A sampling of posts from Question 1 supporters:

• “You have lost all of my family’s business as of now. You may not know me personally, but my family has done business for years with you. It’s disgusting that you would bring personal ideals into your business page. All the years you took making the orchard great and in a matter of weeks, you have ruined your name and business. We will be using Wallingford’s Orchard as of now. Hopefully lost profits will teach you to be tolerant and respectful in future business dealings.”

• “You are certainly entitled to your beliefs but your business will no longer be supported by my family.”

• “No matter your belief, it still shouldn’t be expressed at your place of business. You lost so many of your loyal customers. While you may believe that being gay is a sin, no one is free of sin, including you.”

And a sample from those who support the Treworgy family:

• “You may have lost many who ‘like’ your page, but you have gained me.”

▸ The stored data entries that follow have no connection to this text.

text \<open>A family is (r-2)-intersecting iff its members have pairwise Hamming distance at most 2,
  and it is non-trivial iff at least three coordinates vary on it. Take members A, B at distance 2
  and a member C varying on a third coordinate: C must mix A and B on the two coordinates where
  they differ, so A, B, C are the neighbours of one point P in three distinct directions. Every
  other member is then a neighbour of P or the unique point Q at distance 2 from A, B, C and 3
  from P, and P, Q cannot both be members. So the family is no larger than a radius-1 Hamming
  ball, which has 1 + \<Sum>(n_l - 1) elements, while such a ball is itself a non-trivial
  (r-2)-intersecting family.\<close>

definition hamming :: "'i set \<Rightarrow> ('i \<Rightarrow> 'a) \<Rightarrow> ('i \<Rightarrow> 'a) \<Rightarrow> nat" where
  "hamming I X Y = card {l \<in> I. X l \<noteq> Y l}"

definition hamming_ball :: "'i set \<Rightarrow> ('i \<Rightarrow> 'a set) \<Rightarrow> ('i \<Rightarrow> 'a) \<Rightarrow> nat \<Rightarrow> ('i \<Rightarrow> 'a) set" where
  "hamming_ball I S c \<rho> = {E \<in> PiE I S. hamming I c E \<le> \<rho>}"

lemma hamming_commute: "hamming I X Y = hamming I Y X"
  unfolding hamming_def by (metis (full_types))

lemma hamming_self [simp]: "hamming I X X = 0"
  by (simp add: hamming_def)

lemma hamming_le_card: "finite I \<Longrightarrow> hamming I X Y \<le> card I"
  unfolding hamming_def by (rule card_mono) auto

lemma hamming_triangle:
  assumes "finite I"
  shows "hamming I X Z \<le> hamming I X Y + hamming I Y Z"
proof -
  have "hamming I X Z \<le> card ({l \<in> I. X l \<noteq> Y l} \<union> {l \<in> I. Y l \<noteq> Z l})"
    unfolding hamming_def using assms by (intro card_mono) auto
  also have "\<dots> \<le> hamming I X Y + hamming I Y Z"
    unfolding hamming_def by (rule card_Un_le)
  finally show ?thesis .
qed

lemma hamming_le_1_iff:
  assumes "finite I"
  shows "hamming I X Y \<le> 1 \<longleftrightarrow> (\<forall>u\<in>I. \<forall>v\<in>I. X u \<noteq> Y u \<longrightarrow> X v \<noteq> Y v \<longrightarrow> u = v)"
  unfolding hamming_def using assms by (simp add: card_le_Suc0_iff_eq) blast

lemma hamming_gt_1_diff_avoiding:
  assumes "finite I" "1 < hamming I X Y"
  shows "\<exists>u\<in>I. u \<noteq> x \<and> X u \<noteq> Y u"
proof -
  obtain u v where "u \<in> I" "v \<in> I" "X u \<noteq> Y u" "X v \<noteq> Y v" "u \<noteq> v"
    using assms(2) hamming_le_1_iff[OF assms(1), of X Y] by auto
  then show ?thesis by metis
qed

lemma hamming_le_2_agree:
  assumes "finite I" "hamming I X Y \<le> 2"
    and "i \<in> I" "j \<in> I" "i \<noteq> j" "X i \<noteq> Y i" "X j \<noteq> Y j"
    and "l \<in> I" "l \<noteq> i" "l \<noteq> j"
  shows "X l = Y l"
proof (rule ccontr)
  assume "X l \<noteq> Y l"
  then have "{i, j, l} \<subseteq> {l \<in> I. X l \<noteq> Y l}" using assms by auto
  then have "card {i, j, l} \<le> hamming I X Y"
    unfolding hamming_def using assms(1) by (intro card_mono) auto
  then show False using assms by simp
qed

lemma hamming_eq_2_obtain:
  assumes "finite I" "1 < hamming I X Y" "hamming I X Y \<le> 2"
  obtains p q where "p \<in> I" "q \<in> I" "p \<noteq> q" "X p \<noteq> Y p" "X q \<noteq> Y q"
    "\<forall>l\<in>I - {p, q}. X l = Y l"
proof -
  obtain p where p: "p \<in> I" "X p \<noteq> Y p" using hamming_gt_1_diff_avoiding[OF assms(1,2)] by blast
  obtain q where q: "q \<in> I" "q \<noteq> p" "X q \<noteq> Y q"
    using hamming_gt_1_diff_avoiding[OF assms(1,2)] by blast
  have "\<forall>l\<in>I - {p, q}. X l = Y l"
    using hamming_le_2_agree[OF assms(1,3) p(1) q(1) q(2)[symmetric] p(2) q(3)] by blast
  then show ?thesis using that p q by blast
qed

lemma fun_upd_in_PiE_same: "f \<in> PiE I S \<Longrightarrow> i \<in> I \<Longrightarrow> v \<in> S i \<Longrightarrow> f(i := v) \<in> PiE I S"
  by (metis PiE_fun_upd insert_absorb)
(* For each $\gamma\in\Gamma$, $$\sum_{n\ge1}\sum_{\theta\in\Gamma}m^n(\gamma,\theta)\le\sum_{n\ge1}|\gamma|\,\beta(V,\alpha)^n,$$ where $m^n$ is the $n$-th power of the matrix $m(\gamma,\theta)=w(\theta)\mathbf 1\{\gamma\not\sim\theta\}$. In particular, if $\beta(V,\alpha)<1$, then the expected total number of descendants of a finite cycle $\gamma$ in the multitype branching process with mean matrix $m$ is finite.
   Context: Fix $\alpha>0$ and a strictly convex potential $V:\mathbb{Z}^d\to\mathbb{R}^+\cup\{+\infty\}$ with $V(\vec0)=0$. $\Gamma$ is the set of finite cycles of $\mathbb{Z}^d$: a cycle of length $|\gamma|=n\ge2$ on distinct sites $x_1,\dots,x_n$ maps $x_i\mapsto x_{i+1}$ (mod $n$) and fixes other sites, with support $\{\gamma\}=\{x_1,\dots,x_n\}$. $\gamma\not\sim\theta$ means $\{\gamma\}\cap\{\theta\}\neq\emptyset$. $w(\gamma)=\exp\{-\alpha\sum_{x\in\{\gamma\}}V(\gamma(x)-x)\}$ and $\beta(V,\alpha)=\sum_{\theta\in\Gamma,\ \vec0\in\{\theta\}}|\theta|\,w(\theta)$. The $m^n(\gamma,\theta)=\sum_{\gamma_1,\dots,\gamma_{n-1}}m(\gamma,\gamma_1)m(\gamma_1,\gamma_2)\cdots m(\gamma_{n-1},\theta)$ is the mean number of type-$\theta$ individuals in generation $n$ of the multitype branching process started from one individual of type $\gamma$. *)

theory Defs
  imports "HOL-Analysis.Analysis" "HOL-Combinatorics.Cycles"
begin

type_synonym 'd site = "int ^ 'd"

definition to_real :: "'d::finite site \<Rightarrow> real ^ 'd" where
  "to_real x = (\<chi> i. real_of_int (x $ i))"

definition strictly_convex_pot :: "('d::finite site \<Rightarrow> ennreal) \<Rightarrow> bool" where
  "strictly_convex_pot V \<longleftrightarrow>
     (\<exists>f :: real ^ 'd \<Rightarrow> ennreal. (\<forall>x. f (to_real x) = V x) \<and>
        (\<forall>x y t. x \<noteq> y \<longrightarrow> 0 < t \<longrightarrow> t < 1 \<longrightarrow> f x < top \<longrightarrow> f y < top \<longrightarrow>
            f (t *\<^sub>R x + (1 - t) *\<^sub>R y) < ennreal t * f x + ennreal (1 - t) * f y))"

definition Cyc :: "('d::finite site \<Rightarrow> 'd site) set" where
  "Cyc = {g. \<exists>cs. distinct cs \<and> length cs \<ge> 2 \<and> g = cycle_of_list cs}"

definition supp :: "('d::finite site \<Rightarrow> 'd site) \<Rightarrow> 'd site set" where
  "supp g = {x. g x \<noteq> x}"

definition len :: "('d::finite site \<Rightarrow> 'd site) \<Rightarrow> nat" where
  "len g = card (supp g)"

definition wt :: "real \<Rightarrow> ('d::finite site \<Rightarrow> ennreal) \<Rightarrow> ('d site \<Rightarrow> 'd site) \<Rightarrow> ennreal" where
  "wt \<alpha> V g = (let s = (\<Sum>x\<in>supp g. V (g x - x)) in
                 if s = top then 0 else ennreal (exp (- \<alpha> * enn2real s)))"

definition beta :: "('d::finite site \<Rightarrow> ennreal) \<Rightarrow> real \<Rightarrow> ennreal" where
  "beta V \<alpha> = (\<Sum>\<^sub>\<infinity>\<theta>\<in>{\<theta>\<in>Cyc. 0 \<in> supp \<theta>}. of_nat (len \<theta>) * wt \<alpha> V \<theta>)"

text \<open>Mean matrix m(g,th) = w(th) * 1{supports intersect}.\<close>
definition mmat :: "real \<Rightarrow> ('d::finite site \<Rightarrow> ennreal) \<Rightarrow> ('d site \<Rightarrow> 'd site) \<Rightarrow> ('d site \<Rightarrow> 'd site) \<Rightarrow> ennreal" where
  "mmat \<alpha> V g \<theta> = (if supp g \<inter> supp \<theta> \<noteq> {} then wt \<alpha> V \<theta> else 0)"
lemma central_projection_in_affine_hull:
  fixes f :: "'i \<Rightarrow> 'a::real_inner"
  assumes "finite I" "e \<bullet> a = 0" "\<forall>i\<in>I. e \<bullet> f i = 1"
    and "x \<in> affine hull (insert a (f`I))" "e \<bullet> x \<noteq> 0"
  shows "central_projection e a x \<in> affine hull (f`I)"
proof -
  obtain c l where cl: "c + sum l I = 1" "x = c *\<^sub>R a + (\<Sum>i\<in>I. l i *\<^sub>R f i)"
    using assms(4) unfolding affine_hull_insert_image_explicit[OF assms(1)] by auto
  define t where "t = e \<bullet> x"
  have st: "sum l I = t"
    using assms(2,3) by (simp add: t_def cl(2) inner_sum_right inner_add_right)
  have "x - a = (\<Sum>i\<in>I. l i *\<^sub>R f i) - t *\<^sub>R a"
    using cl st by (simp add: algebra_simps scaleR_add_left[symmetric])
  then have "central_projection e a x = (\<Sum>i\<in>I. (l i / t) *\<^sub>R f i)"
    using assms(5) by (simp add: central_projection_def t_def[symmetric] scaleR_diff_right scaleR_sum_right)
  moreover have "sum (\<lambda>i. l i / t) I = 1"
    using st assms(5) by (simp add: t_def sum_divide_distrib[symmetric])
  ultimately show ?thesis
    unfolding affine_hull_image_explicit[OF assms(1)]
    by (intro CollectI exI[where x="\<lambda>i. l i / t"] conjI) auto
qed

lemma central_projection_in_convex_hull:
  fixes g :: "'i \<Rightarrow> 'a::real_inner"
  assumes "finite I" "e \<bullet> a = 0" "\<forall>i\<in>I. 0 < e \<bullet> g i"
    and "z \<in> convex hull (insert a (g`I))" "0 < e \<bullet> z"
  shows "central_projection e a z \<in> convex hull ((\<lambda>i. central_projection e a (g i))`I)"
proof -
  obtain c l where cl: "0 \<le> c" "\<forall>i\<in>I. 0 \<le> l i" "c + sum l I = 1"
      "z = c *\<^sub>R a + (\<Sum>i\<in>I. l i *\<^sub>R g i)"
    using assms(4) unfolding convex_hull_insert_image_explicit[OF assms(1)] by auto
  define t where "t = e \<bullet> z"
  have st: "(\<Sum>i\<in>I. l i * (e \<bullet> g i)) = t"
    using assms(2) by (simp add: t_def cl(4) inner_sum_right inner_add_right)
  define mu where "mu i = l i * (e \<bullet> g i) / t" for i
  have mu0: "\<forall>i\<in>I. 0 \<le> mu i" using cl(2) assms(3,5) by (auto simp: mu_def t_def)
  have mu1: "sum mu I = 1" using st assms(5) by (simp add: mu_def t_def sum_divide_distrib[symmetric])
  have "(\<Sum>i\<in>I. mu i *\<^sub>R central_projection e a (g i))
      = (\<Sum>i\<in>I. mu i *\<^sub>R a) + (1/t) *\<^sub>R (\<Sum>i\<in>I. l i *\<^sub>R (g i - a))"
    unfolding scaleR_sum_right sum.distrib[symmetric]
    by (rule sum.cong[OF refl]) (use assms(3) in \<open>auto simp: mu_def central_projection_def scaleR_add_right\<close>)
  also have "(\<Sum>i\<in>I. mu i *\<^sub>R a) = a"
    by (simp add: scaleR_sum_left[symmetric] mu1)
  also have "(\<Sum>i\<in>I. l i *\<^sub>R (g i - a)) = z - a"
    using cl(3,4) by (simp add: scaleR_diff_right sum_subtractf scaleR_sum_left[symmetric] algebra_simps
      scaleR_add_left[symmetric])
  finally have "central_projection e a z = (\<Sum>i\<in>I. mu i *\<^sub>R central_projection e a (g i))"
    by (simp add: central_projection_def t_def)
  then show ?thesis
    unfolding convex_hull_image_explicit[OF assms(1)] using mu0 mu1
    by (intro CollectI exI[where x=mu] conjI) auto
qed

section \<open>Orthant slices with a common zero pattern\<close>

definition indicator_vec :: "'n set \<Rightarrow> real^'n" where
  "indicator_vec T = (\<chi> j. if j \<in> T then 1 else 0)"

lemma inner_indicator_vec: "indicator_vec T \<bullet> (x::real^'n::finite) = (\<Sum>j\<in>T. x$j)"
proof -
  have "indicator_vec T \<bullet> x = (\<Sum>j\<in>UNIV. (if j \<in> T then x$j else 0))"
    by (auto simp: indicator_vec_def inner_vec_def intro!: sum.cong)
  then show ?thesis by (simp add: sum.If_cases)
qed

lemma inner_indicator_vec_nonneg:
  "\<forall>j\<in>T. 0 \<le> (x::real^'n::finite)$j \<Longrightarrow> 0 \<le> indicator_vec T \<bullet> x"
  by (simp add: inner_indicator_vec sum_nonneg)

lemma inner_indicator_vec_eq_0_iff:
  "\<forall>j\<in>T. 0 \<le> (x::real^'n::finite)$j \<Longrightarrow> indicator_vec T \<bullet> x = 0 \<longleftrightarrow> (\<forall>j\<in>T. x$j = 0)"
  by (simp add: inner_indicator_vec sum_nonneg_eq_0_iff)

definition orthant_slice :: "'q set \<Rightarrow> (real^'q) set \<Rightarrow> bool" where
  "orthant_slice C S \<longleftrightarrow> convex hull S = affine hull S \<inter> {y. \<forall>j\<in>C. 0 \<le> y $ j}"

lemma convex_nonneg_coordinates: "convex {y::real^'q. \<forall>j\<in>C. 0 \<le> y $ j}"
  unfolding convex_def by (auto intro!: add_nonneg_nonneg mult_nonneg_nonneg)

lemma convex_hull_subset_orthant_slice:
  fixes S :: "(real^'q) set"
  shows "\<forall>x\<in>S. \<forall>j\<in>C. 0 \<le> x $ j \<Longrightarrow> convex hull S \<subseteq> affine hull S \<inter> {y. \<forall>j\<in>C. 0 \<le> y $ j}"
  by (rule hull_minimal)
    (use convex_nonneg_coordinates in \<open>auto simp: hull_inc affine_imp_convex intro!: convex_Int\<close>)

definition nonneg_same_zeros :: "'p set \<Rightarrow> 'q set \<Rightarrow> ('p \<Rightarrow> real^'q) \<Rightarrow> ('p \<Rightarrow> real^'q) \<Rightarrow> bool" where
  "nonneg_same_zeros I C X Y \<longleftrightarrow>
     (\<forall>i\<in>I. \<forall>j\<in>C. 0 \<le> X i $ j \<and> 0 \<le> Y i $ j \<and> (X i $ j = 0 \<longleftrightarrow> Y i $ j = 0))"

definition slice_transfer_hyps :: "'p set \<Rightarrow> 'q set \<Rightarrow> ('p \<Rightarrow> real^'q) \<Rightarrow> ('p \<Rightarrow> real^'q) \<Rightarrow> bool" where
  "slice_transfer_hyps I C X Y \<longleftrightarrow> I \<noteq> {} \<and> nonneg_same_zeros I C X Y \<and>
     aff_dim (X`I) \<le> aff_dim (Y`I) \<and> orthant_slice C (Y`I)"

definition slice_transfer_concls :: "'p set \<Rightarrow> 'q set \<Rightarrow> ('p \<Rightarrow> real^'q) \<Rightarrow> ('p \<Rightarrow> real^'q) \<Rightarrow> bool" where
  "slice_transfer_concls I C X Y \<longleftrightarrow> orthant_slice C (X`I) \<and> aff_dim (X`I) = aff_dim (Y`I) \<and>
     convex hull (X`I) = convex hull (X ` vertex_indices I Y) \<and>
     (\<forall>u\<in>vertex_indices I Y. \<forall>x\<in>affine hull (X`I).
        (\<forall>j\<in>C. Y u $ j = 0 \<longrightarrow> x $ j = 0) \<longrightarrow> x = X u)"

locale vertex_figure =
  fixes I :: "'p::finite set" and C :: "'q::finite set" and X Y :: "'p \<Rightarrow> real^'q" and u :: 'p
  assumes hyps: "slice_transfer_hyps I C X Y"
    and vertex: "u \<in> vertex_indices I Y"
    and aff_dim_Y_pos: "aff_dim (Y`I) \<ge> 1"
begin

• “ … I commend you for defending/explaining your stance on Question 1. I think it’s sad that because you support No on 1 that you are looked upon as ‘closed-minded’ or discriminatory. So what that you don’t share the Yeson 1 viewpoint. … I thought we lived in a free country with freedom of speech.”

• “You have a new customer in my family. Thank you for your courage.”

• “I will continue to support your farm. Regardless of your point of view. If everyone could take a minute and stop condemning people of their views it would be great. With that being said … If people knew every company’s personal views they wouldn’t be able to shop anywhere. … Btw I support gay marriage … I believe everyone should have the right to marry who they love … Same rights as everyone else … No more no less.”

The controversy playing out on the Treworgy Family Orchards Facebook page prompted the family to post a lengthy statement Sunday night in which the family apologized for any hurt the sign might have caused — but at the same time stood by its position on same-sex marriage.

“This is obviously a very divisive issue and we value the freedom for every citizen to exercise their rights to express their opinion,” the statement read. “It’s a shame that so many assume that we are hateful and discriminatory simply because we are convinced that marriage is defined by a higher power than civil government.”

It was not clear Monday how the to-do over the sign might affect the orchard’s business in the long run. Kenerson said everyone, regardless of their politics, is welcome.

“We want people to know that it is possible to disagree with someone and continue to love and serve them as we have consistently done for years at our farm. No matter the outcome of the referendum in November.

Treworgy Family Orchards will continue to be a place that welcomes and serves people from every walk of life,” he said. “We love all our guests even if we don’t see eye to eye on everything.”